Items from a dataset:
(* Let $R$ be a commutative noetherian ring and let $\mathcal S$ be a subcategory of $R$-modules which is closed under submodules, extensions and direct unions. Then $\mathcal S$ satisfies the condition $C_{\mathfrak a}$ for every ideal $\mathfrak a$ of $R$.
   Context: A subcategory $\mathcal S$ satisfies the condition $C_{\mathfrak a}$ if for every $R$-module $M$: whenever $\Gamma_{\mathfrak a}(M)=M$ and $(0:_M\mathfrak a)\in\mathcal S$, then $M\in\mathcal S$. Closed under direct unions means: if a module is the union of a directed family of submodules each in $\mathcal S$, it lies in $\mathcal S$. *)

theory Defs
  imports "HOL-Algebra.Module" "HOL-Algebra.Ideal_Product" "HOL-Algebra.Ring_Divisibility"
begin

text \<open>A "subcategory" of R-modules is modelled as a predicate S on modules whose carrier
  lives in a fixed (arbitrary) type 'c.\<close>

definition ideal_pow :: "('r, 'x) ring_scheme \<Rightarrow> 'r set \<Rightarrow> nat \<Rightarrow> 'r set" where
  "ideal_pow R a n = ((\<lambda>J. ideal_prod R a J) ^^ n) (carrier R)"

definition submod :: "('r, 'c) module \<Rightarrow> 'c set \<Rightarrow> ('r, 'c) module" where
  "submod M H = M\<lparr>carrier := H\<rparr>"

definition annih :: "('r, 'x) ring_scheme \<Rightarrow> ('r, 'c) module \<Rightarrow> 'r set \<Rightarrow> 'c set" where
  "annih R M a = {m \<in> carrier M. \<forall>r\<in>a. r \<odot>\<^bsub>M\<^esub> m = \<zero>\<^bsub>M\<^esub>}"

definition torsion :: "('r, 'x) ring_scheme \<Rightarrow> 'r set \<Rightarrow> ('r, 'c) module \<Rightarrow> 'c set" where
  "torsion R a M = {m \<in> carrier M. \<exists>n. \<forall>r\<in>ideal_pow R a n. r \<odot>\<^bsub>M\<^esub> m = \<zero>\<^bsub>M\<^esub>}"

--

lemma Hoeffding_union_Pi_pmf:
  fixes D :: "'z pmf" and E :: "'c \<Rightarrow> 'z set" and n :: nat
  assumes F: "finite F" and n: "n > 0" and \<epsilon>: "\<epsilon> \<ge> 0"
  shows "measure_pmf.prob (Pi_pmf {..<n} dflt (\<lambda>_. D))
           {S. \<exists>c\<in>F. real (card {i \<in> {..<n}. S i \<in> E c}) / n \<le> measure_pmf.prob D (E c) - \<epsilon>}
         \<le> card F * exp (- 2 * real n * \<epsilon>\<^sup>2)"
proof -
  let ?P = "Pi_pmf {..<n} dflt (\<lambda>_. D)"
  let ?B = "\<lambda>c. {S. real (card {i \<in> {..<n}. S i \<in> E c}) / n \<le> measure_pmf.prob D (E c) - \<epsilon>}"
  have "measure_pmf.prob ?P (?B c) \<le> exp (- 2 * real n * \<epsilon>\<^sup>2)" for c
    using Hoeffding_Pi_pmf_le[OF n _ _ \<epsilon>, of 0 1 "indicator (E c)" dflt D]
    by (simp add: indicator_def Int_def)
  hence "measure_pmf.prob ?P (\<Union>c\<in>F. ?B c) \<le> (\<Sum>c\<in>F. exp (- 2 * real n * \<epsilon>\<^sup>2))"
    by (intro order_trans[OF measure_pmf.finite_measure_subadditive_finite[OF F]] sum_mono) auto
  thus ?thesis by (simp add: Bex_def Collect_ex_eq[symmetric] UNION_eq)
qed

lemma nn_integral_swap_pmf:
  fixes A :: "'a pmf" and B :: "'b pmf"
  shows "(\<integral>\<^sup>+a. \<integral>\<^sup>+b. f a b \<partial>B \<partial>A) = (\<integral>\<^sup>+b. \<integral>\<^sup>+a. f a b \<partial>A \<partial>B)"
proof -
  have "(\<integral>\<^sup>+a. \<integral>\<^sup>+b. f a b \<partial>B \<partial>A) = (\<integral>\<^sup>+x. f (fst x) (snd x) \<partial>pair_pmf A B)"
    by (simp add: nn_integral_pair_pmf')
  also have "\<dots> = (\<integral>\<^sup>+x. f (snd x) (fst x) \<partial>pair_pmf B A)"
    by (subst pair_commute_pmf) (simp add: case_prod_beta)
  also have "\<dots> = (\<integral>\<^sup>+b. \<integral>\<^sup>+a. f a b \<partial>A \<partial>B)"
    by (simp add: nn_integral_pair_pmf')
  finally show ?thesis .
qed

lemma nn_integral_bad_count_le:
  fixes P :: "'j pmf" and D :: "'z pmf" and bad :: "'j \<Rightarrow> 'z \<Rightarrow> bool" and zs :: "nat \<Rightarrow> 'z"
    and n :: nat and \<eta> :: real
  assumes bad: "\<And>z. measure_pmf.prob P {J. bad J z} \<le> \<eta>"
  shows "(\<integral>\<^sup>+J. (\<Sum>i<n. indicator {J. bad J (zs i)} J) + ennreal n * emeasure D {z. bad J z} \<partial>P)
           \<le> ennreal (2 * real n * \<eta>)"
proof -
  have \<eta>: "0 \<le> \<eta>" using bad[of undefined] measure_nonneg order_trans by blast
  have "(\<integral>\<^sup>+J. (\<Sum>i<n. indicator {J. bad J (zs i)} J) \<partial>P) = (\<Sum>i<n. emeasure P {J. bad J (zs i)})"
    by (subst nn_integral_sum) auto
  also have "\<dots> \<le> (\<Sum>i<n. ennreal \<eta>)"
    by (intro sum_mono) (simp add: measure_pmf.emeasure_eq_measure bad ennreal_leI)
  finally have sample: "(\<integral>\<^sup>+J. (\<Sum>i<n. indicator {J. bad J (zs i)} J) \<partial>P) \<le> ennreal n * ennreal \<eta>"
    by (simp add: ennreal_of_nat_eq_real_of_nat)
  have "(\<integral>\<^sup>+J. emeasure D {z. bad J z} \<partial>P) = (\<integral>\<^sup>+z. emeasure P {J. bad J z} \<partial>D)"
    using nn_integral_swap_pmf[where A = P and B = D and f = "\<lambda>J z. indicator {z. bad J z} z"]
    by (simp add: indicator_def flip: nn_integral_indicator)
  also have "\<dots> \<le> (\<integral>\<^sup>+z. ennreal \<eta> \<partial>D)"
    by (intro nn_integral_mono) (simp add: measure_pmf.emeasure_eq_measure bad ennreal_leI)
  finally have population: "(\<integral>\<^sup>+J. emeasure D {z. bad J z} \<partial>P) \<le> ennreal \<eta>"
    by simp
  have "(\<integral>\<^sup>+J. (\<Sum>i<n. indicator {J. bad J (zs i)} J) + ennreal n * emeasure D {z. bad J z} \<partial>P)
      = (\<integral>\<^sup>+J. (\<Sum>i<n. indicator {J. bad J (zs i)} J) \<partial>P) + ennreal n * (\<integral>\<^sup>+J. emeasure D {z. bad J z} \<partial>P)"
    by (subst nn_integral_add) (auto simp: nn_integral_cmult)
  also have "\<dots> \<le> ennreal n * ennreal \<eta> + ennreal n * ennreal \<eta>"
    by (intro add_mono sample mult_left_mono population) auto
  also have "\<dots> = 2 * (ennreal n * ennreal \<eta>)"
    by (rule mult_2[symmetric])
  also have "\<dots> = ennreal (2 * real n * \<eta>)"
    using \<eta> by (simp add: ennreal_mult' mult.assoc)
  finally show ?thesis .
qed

= Exercise brief =
The lines above from the one with "module \<Rightarrow> 'r" through the one with "carrier M. \<exists>n." are to be duplicated exactly, ends included, with nothing added.

= Reply =
definition annih :: "('r, 'x) ring_scheme \<Rightarrow> ('r, 'c) module \<Rightarrow> 'r set \<Rightarrow> 'c set" where
  "annih R M a = {m \<in> carrier M. \<forall>r\<in>a. r \<odot>\<^bsub>M\<^esub> m = \<zero>\<^bsub>M\<^esub>}"

definition torsion :: "('r, 'x) ring_scheme \<Rightarrow> 'r set \<Rightarrow> ('r, 'c) module \<Rightarrow> 'c set" where
  "torsion R a M = {m \<in> carrier M. \<exists>n. \<forall>r\<in>ideal_pow R a n. r \<odot>\<^bsub>M\<^esub> m = \<zero>\<^bsub>M\<^esub>}"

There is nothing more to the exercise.